Elle savait que ce n'était pas le moment, ni le lieu, à 900 km de tout. Oh, pas pour elle. Lui n'était pas prêt à survivre au naufrage de sa bouée, de son radeau. Pas prêt à nager seul. Elle le savait sujet à de fréquentes dépressions, elle s'était déjà suffisamment abîmée dans le maternage et le soin de blessures dont elle n'était pas responsable.
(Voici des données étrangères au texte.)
(* In the setting described in the context, suppose there is a compact interval $\Delta\subset\mathbb{R}$ such that for every $n\in\mathbb{N}_0$: (a) the polynomial $p_n$ has exactly $n$ simple zeros, all lying inside $\Delta$; (b) the zeros of $p_n$ and $p_{n+1}$ interlace. Then the matrix $J$ satisfies $\sup_{|i-j|\le R}|J_{i,j}|<\infty$ for every $R\ge0$.
   Context: Let $r\ge1$ and let $\mu_1,\dots,\mu_r$ be positive Borel measures on $\mathbb{R}$ with all moments finite, forming a perfect system: for every $\vec n\in\mathbb{N}_0^r$ there is a monic polynomial $P_{\vec n}$ of degree $|\vec n|=n_1+\dots+n_r$ with $\int x^kP_{\vec n}\,d\mu_j=0$ for $0\le k\le n_j-1$, $1\le j\le r$. Fix a path $(\vec n_\ell)_{\ell\ge0}$ with $|\vec n_\ell|=\ell$ and $\vec n_{\ell+1}=\vec n_\ell+\vec e_{i_\ell}$ ($\vec e_j$ the $j$-th unit vector, $i_\ell\in\{1,\dots,r\}$), and set $p_\ell=P_{\vec n_\ell}$. The matrix $J=[J_{\ell,k}]_{\ell,k\ge0}$ is defined by $xp_\ell=\sum_{k=0}^{\ell+1}J_{\ell,k}p_k$, with $J_{\ell,k}=0$ for $k>\ell+1$. *)

theory Defs
  imports "HOL-Probability.Probability" "HOL-Computational_Algebra.Polynomial"
begin

text \<open>Multi-indices are functions nat => nat; only the components 1..r matter.\<close>

definition mi_size :: "nat \<Rightarrow> (nat \<Rightarrow> nat) \<Rightarrow> nat" where
  "mi_size r n = (\<Sum>j=1..r. n j)"
(* Let $c>0$ and let $\vec{v}_1,\vec{v}_2\in\mathbb{R}^d$ be unit vectors. For $i=1,2$ let $h_{\vec{v}_i}$ be the strategic classifier that predicts $+1$ on a reported vector $\vec{x}$ iff $\vec{v}_i\cdot\vec{x}\ge 1/c$, where agents' true vectors $\vec{z}$ are drawn from the uniform distribution on the unit ball in $\mathbb{R}^d$ (with labels $y\in\{\pm1\}$ from an arbitrary joint distribution) and agents respond strategically to $h_{\vec{v}_i}$. Let $\mathrm{err}(h_{\vec{v}_i})$ be the probability that the prediction of $h_{\vec{v}_i}$ on the reported vector differs from the label $y$. Then $$|\mathrm{err}(h_{\vec{v}_1})-\mathrm{err}(h_{\vec{v}_2})|\le \frac{\theta(\vec{v}_1,\vec{v}_2)}{\pi}.$$
   Context: $\theta(\vec{v}_1,\vec{v}_2)=\arccos(\vec{v}_1\cdot\vec{v}_2)$. Strategic agent model: an agent with true vector $\vec{z}$ knows the rule, obtains value $1$ if classified positive and $0$ otherwise, pays $c\|\vec{x}-\vec{z}\|_2$ for reporting $\vec{x}$, and reports a utility-maximizing $\vec{x}$: if positive classification is attainable at cost at most $1$ it moves to the least costly positively classified point, otherwise it reports $\vec{x}=\vec{z}$. *)

theory Defs
  imports "HOL-Probability.Probability"
begin

definition vangle :: "'a::real_inner \<Rightarrow> 'a \<Rightarrow> real" where
  "vangle v1 v2 = arccos (v1 \<bullet> v2)"

definition hclass :: "real \<Rightarrow> 'a::real_inner \<Rightarrow> 'a \<Rightarrow> bool" where
  "hclass c v x \<longleftrightarrow> v \<bullet> x \<ge> 1 / c"

definition best_response :: "real \<Rightarrow> 'a::real_inner \<Rightarrow> 'a \<Rightarrow> 'a" where
  "best_response c v z =
     (if \<exists>x. hclass c v x \<and> c * norm (x - z) \<le> 1
      then (SOME x. hclass c v x \<and> (\<forall>x'. hclass c v x' \<longrightarrow> norm (x - z) \<le> norm (x' - z)))
      else z)"

text \<open>Error of the strategic classifier h_v under a joint distribution M of (z, y);
  label True stands for +1, False for -1.\<close>
definition strat_err :: "('a::{real_inner,topological_space} \<times> bool) measure \<Rightarrow> real \<Rightarrow> 'a \<Rightarrow> real" where
  "strat_err M c v =
     measure M {p \<in> space M. hclass c v (best_response c v (fst p)) \<noteq> snd p}"

end

theory Submission
  imports Defs
begin

(* A budget of cost 1 reaches the half-space {x. v \<bullet> x \<ge> 1/c} from z exactly when
   v \<bullet> z \<ge> 0, so the strategic classifier for a unit vector v labels z positive iff
   v \<bullet> z \<ge> 0. The two errors therefore differ by at most the probability of the double
   wedge where the signs of v1 \<bullet> z and v2 \<bullet> z differ. The uniform distribution on the ball
   is rotation invariant, so the mass h t of the double wedge of angle t in a fixed plane is
   additive in t on [0, pi); moreover h t + h (pi - t) \<le> 1 because these two wedges overlap
   only in a hyperplane. Together this forces h t \<le> t / pi. *)

(* The library's change of variables for orthogonal maps needs a wellordered index type;
   'a idx is a wellordered copy of the finite type 'a, and reindexing coordinates along a
   bijection 'a idx \<Rightarrow> 'a transports the result back to real ^ 'a. *)
typedef ('a::finite) idx = "{..<CARD('a)}"
  by (rule exI[of _ 0]) simp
Elle n'aurait pas la force de supporter cette culpabilité-là. Elle savait qu'elle serait bourreau, mais elle attendrait que le temps soit plus clément.
Depuis qu'elle s'était mise en stand-by, qu'elle avait appris à contrôler son image, qu'elle avait appris son rôle et l'art de la parfaite (dis)simulation, elle pouvait rester ainsi encore de nombreuses années, en hibernation affective.

- Tu viens te coucher ? Je monte. Lui dit-il.

- Non, pas tout de suite, encore un truc à finir.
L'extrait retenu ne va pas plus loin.